#### Activity
Under this line are the records; write out word for word the part that begins at the line containing "then obtain p y" and ends at the line containing "using p(2) commute[of", and no more.

#### Saved data entries
lemma far_from_some_periodic_orbit:
  assumes "infinite M" "g ` M \<subseteq> M" "mtopology closure_of periodic_points M g = M"
  obtains \<delta> where "\<delta> > 0"
    "\<And>x. x \<in> M \<Longrightarrow> \<exists>q \<in> periodic_points M g. \<forall>n. \<delta> \<le> d x ((g ^^ n) q)"
proof -
  obtain p q where pq: "p \<in> periodic_points M g" "q \<in> periodic_points M g"
    "forward_orbit g p \<inter> forward_orbit g q = {}"
    using periodic_points_disjoint_orbits[OF assms] .
  have M: "p \<in> M" "q \<in> M" and fin: "finite (forward_orbit g p)" "finite (forward_orbit g q)"
    using pq(1,2) finite_forward_orbit by (auto simp: periodic_points_def)
  obtain \<epsilon> where "\<epsilon> > 0" and
    sep: "\<And>a b. a \<in> forward_orbit g p \<Longrightarrow> b \<in> forward_orbit g q \<Longrightarrow> \<epsilon> \<le> d a b"
    by (rule finite_disjoint_separated[OF fin forward_orbit_subset[OF assms(2) M(1)]
          forward_orbit_subset[OF assms(2) M(2)] pq(3)]) blast
  have "\<exists>r \<in> periodic_points M g. \<forall>n. \<epsilon> / 2 \<le> d x ((g ^^ n) r)" if "x \<in> M" for x
  proof (rule ccontr)
    assume "\<not> ?thesis"
    then have "\<not> (\<forall>n. \<epsilon> / 2 \<le> d x ((g ^^ n) p))" "\<not> (\<forall>n. \<epsilon> / 2 \<le> d x ((g ^^ n) q))"
      using pq(1,2) by blast+
    then obtain i j where "d x ((g ^^ i) p) < \<epsilon> / 2" "d x ((g ^^ j) q) < \<epsilon> / 2"
      by (auto simp: not_le)
    moreover have "\<epsilon> \<le> d ((g ^^ i) p) ((g ^^ j) q)"
      by (rule sep) (auto simp: forward_orbit_def)
    moreover have "d ((g ^^ i) p) ((g ^^ j) q) \<le> d x ((g ^^ i) p) + d x ((g ^^ j) q)"
      using triangle''[of "(g ^^ i) p" x "(g ^^ j) q"] that
        funpow_in_invariant[OF assms(2) M(1)] funpow_in_invariant[OF assms(2) M(2)] by simp
    ultimately show False by linarith
  qed
  then show thesis
    using that[of "\<epsilon> / 2"] \<open>\<epsilon> > 0\<close> by simp
qed

lemma transitive_shadows_orbit_segment:
  assumes "continuous_map mtopology mtopology g" "top_transitive mtopology g"
    and "openin mtopology B" "B \<noteq> {}" "q \<in> M" "n > 0" "\<epsilon> > 0"
  obtains y m r where "y \<in> B" "n dvd m" "d ((g ^^ r) q) ((g ^^ m) y) < \<epsilon>"
proof -
  have gM: "g ` M \<subseteq> M"
    using continuous_map_image_subset_topspace[OF assms(1)] by simp
  \<comment> \<open>points of \<open>W\<close> follow the orbit of \<open>q\<close> for \<open>n\<close> steps, so the transitivity time may be
    rounded up to a multiple of \<open>n\<close>\<close>
  define W where "W = (\<Inter>i\<le>n. {z \<in> M. (g ^^ i) z \<in> mball ((g ^^ i) q) \<epsilon>})"
  have "openin mtopology W"
    unfolding W_def
  proof (intro openin_INT2)
    fix i
    show "openin mtopology {z \<in> M. (g ^^ i) z \<in> mball ((g ^^ i) q) \<epsilon>}"
      using openin_continuous_map_preimage[OF continuous_map_funpow[OF assms(1)] openin_mball]
      by simp
  qed auto
  moreover have "q \<in> W"
    using assms(5,7) funpow_in_invariant[OF gM] by (auto simp: W_def)
  ultimately obtain k y where "k > 0" "y \<in> B" "(g ^^ k) y \<in> W"
    using assms(2-4) unfolding top_transitive_def by blast
  define m where "m = n * (k div n + 1)"
  have "m = n * (k div n) + n" "n * (k div n) + k mod n = k" "k mod n < n"
    using assms(6) by (simp_all add: m_def)
  then have "k \<le> m" "m - k \<le> n"
    by linarith+
  then have "(g ^^ (m - k)) ((g ^^ k) y) \<in> mball ((g ^^ (m - k)) q) \<epsilon>"
    using \<open>(g ^^ k) y \<in> W\<close> by (auto simp: W_def)
  moreover have "(g ^^ (m - k)) ((g ^^ k) y) = (g ^^ m) y"
    using \<open>k \<le> m\<close> by (metis comp_apply funpow_add le_add_diff_inverse2)
  ultimately show thesis
    using that[of y m "m - k"] \<open>y \<in> B\<close> by (simp add: m_def)
qed

lemma periodic_and_shadowing_points_near:
  assumes "continuous_map mtopology mtopology g" "top_transitive mtopology g"
    and "mtopology closure_of periodic_points M g = M"
    and "openin mtopology B" "x \<in> B" "q \<in> M" "\<epsilon> > 0"
  obtains p y m r where "p \<in> B" "(g ^^ m) p = p" "y \<in> B" "d ((g ^^ r) q) ((g ^^ m) y) < \<epsilon>"
proof -
  have "x \<in> mtopology closure_of periodic_points M g"
    using assms(3,5) openin_subset[OF assms(4)] by auto
  then obtain p where p: "p \<in> periodic_points M g" "p \<in> B"
    using assms(4,5) by (auto simp: in_closure_of)
  then obtain n where "n > 0" "(g ^^ n) p = p"
    by (auto simp: periodic_points_def)
  obtain y m r where "y \<in> B" "n dvd m" "d ((g ^^ r) q) ((g ^^ m) y) < \<epsilon>"
    using transitive_shadows_orbit_segment[OF assms(1,2,4) _ assms(6) \<open>n > 0\<close> assms(7)] assms(5)
    by blast
  moreover have "(g ^^ m) p = p"
    using \<open>n dvd m\<close> funpow_mod_eq[OF \<open>(g ^^ n) p = p\<close>, of m] by simp
  ultimately show thesis
    using that p(2) by blast
qed

theorem chaotic_if_transitive_dense_periodic:
  assumes "infinite M" "continuous_map mtopology mtopology g" "g ` M = M"
    and "top_transitive mtopology g" "mtopology closure_of periodic_points M g = M"
  shows "chaotic M d g"
proof -
  have gM: "g ` M \<subseteq> M"
    using assms(3) by simp
  obtain \<delta> where "\<delta> > 0" and
    far: "\<And>x. x \<in> M \<Longrightarrow> \<exists>q \<in> periodic_points M g. \<forall>n. \<delta> \<le> d x ((g ^^ n) q)"
    by (rule far_from_some_periodic_orbit[OF assms(1) gM assms(5)]) blast
  define \<eta> where "\<eta> = \<delta> / 4"
  have "\<eta> > 0" using \<open>\<delta> > 0\<close> by (simp add: \<eta>_def)
  have "\<exists>y\<in>N. \<exists>k. \<eta> < d ((g ^^ k) x) ((g ^^ k) y)"
    if x: "x \<in> M" and N: "openin mtopology N" "x \<in> N" for x N
  proof (rule ccontr)
    assume none: "\<not> ?thesis"
    obtain q where q: "q \<in> periodic_points M g" "\<forall>i. \<delta> \<le> d x ((g ^^ i) q)"
      using far[OF x] ..
    then have "q \<in> M" by (simp add: periodic_points_def)
    define B where "B = N \<inter> mball x \<eta>"
    have "openin mtopology B" "x \<in> B"
      using x N \<open>\<eta> > 0\<close> by (auto simp: B_def)
    then obtain p y m r where p: "p \<in> B" "(g ^^ m) p = p"
      and y: "y \<in> B" "d ((g ^^ r) q) ((g ^^ m) y) < \<eta>"
      by (rule periodic_and_shadowing_points_near[OF assms(2,4,5) _ _ \<open>q \<in> M\<close> \<open>\<eta> > 0\<close>])
    have in_M: "p \<in> M" "(g ^^ m) x \<in> M" "(g ^^ m) y \<in> M" "(g ^^ r) q \<in> M"
      using x p(1) y(1) \<open>q \<in> M\<close> funpow_in_invariant[OF gM] by (auto simp: B_def)
    have "\<not> \<eta> < d ((g ^^ m) x) ((g ^^ m) p)" "\<not> \<eta> < d ((g ^^ m) x) ((g ^^ m) y)"
      using none p(1) y(1) by (auto simp: B_def)
    then have "d p ((g ^^ m) x) \<le> \<eta>" "d ((g ^^ m) x) ((g ^^ m) y) \<le> \<eta>"
      using p(2) commute[of p "(g ^^ m) x"] by (simp_all add: not_less)
    \<comment> \<open>so \<open>x\<close> would be \<open>4\<eta> = \<delta>\<close>-close to a point of the orbit of \<open>q\<close>\<close>
    moreover have "d x ((g ^^ r) q) \<le> d x p + d p ((g ^^ m) x)
        + d ((g ^^ m) x) ((g ^^ m) y) + d ((g ^^ m) y) ((g ^^ r) q)"
      using triangle[of x p "(g ^^ r) q"] triangle[of p "(g ^^ m) x" "(g ^^ r) q"]
        triangle[of "(g ^^ m) x" "(g ^^ m) y" "(g ^^ r) q"] x in_M by linarith
    moreover have "d x p < \<eta>" "d ((g ^^ m) y) ((g ^^ r) q) < \<eta>"
      using p(1) y(2) commute[of "(g ^^ m) y"] by (simp_all add: B_def)
    ultimately have "d x ((g ^^ r) q) < \<delta>"
      by (simp add: \<eta>_def)
    with q(2) show False by (simp add: not_less[symmetric])
  qed
  then show ?thesis
    using assms(3-5) \<open>\<eta> > 0\<close>
    unfolding chaotic_def top_transitive_def periodic_points_def by blast
qed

#### Exercise response
    then obtain p y m r where p: "p \<in> B" "(g ^^ m) p = p"
      and y: "y \<in> B" "d ((g ^^ r) q) ((g ^^ m) y) < \<eta>"
      by (rule periodic_and_shadowing_points_near[OF assms(2,4,5) _ _ \<open>q \<in> M\<close> \<open>\<eta> > 0\<close>])
    have in_M: "p \<in> M" "(g ^^ m) x \<in> M" "(g ^^ m) y \<in> M" "(g ^^ r) q \<in> M"
      using x p(1) y(1) \<open>q \<in> M\<close> funpow_in_invariant[OF gM] by (auto simp: B_def)
    have "\<not> \<eta> < d ((g ^^ m) x) ((g ^^ m) p)" "\<not> \<eta> < d ((g ^^ m) x) ((g ^^ m) y)"
      using none p(1) y(1) by (auto simp: B_def)
    then have "d p ((g ^^ m) x) \<le> \<eta>" "d ((g ^^ m) x) ((g ^^ m) y) \<le> \<eta>"
      using p(2) commute[of p "(g ^^ m) x"] by (simp_all add: not_less)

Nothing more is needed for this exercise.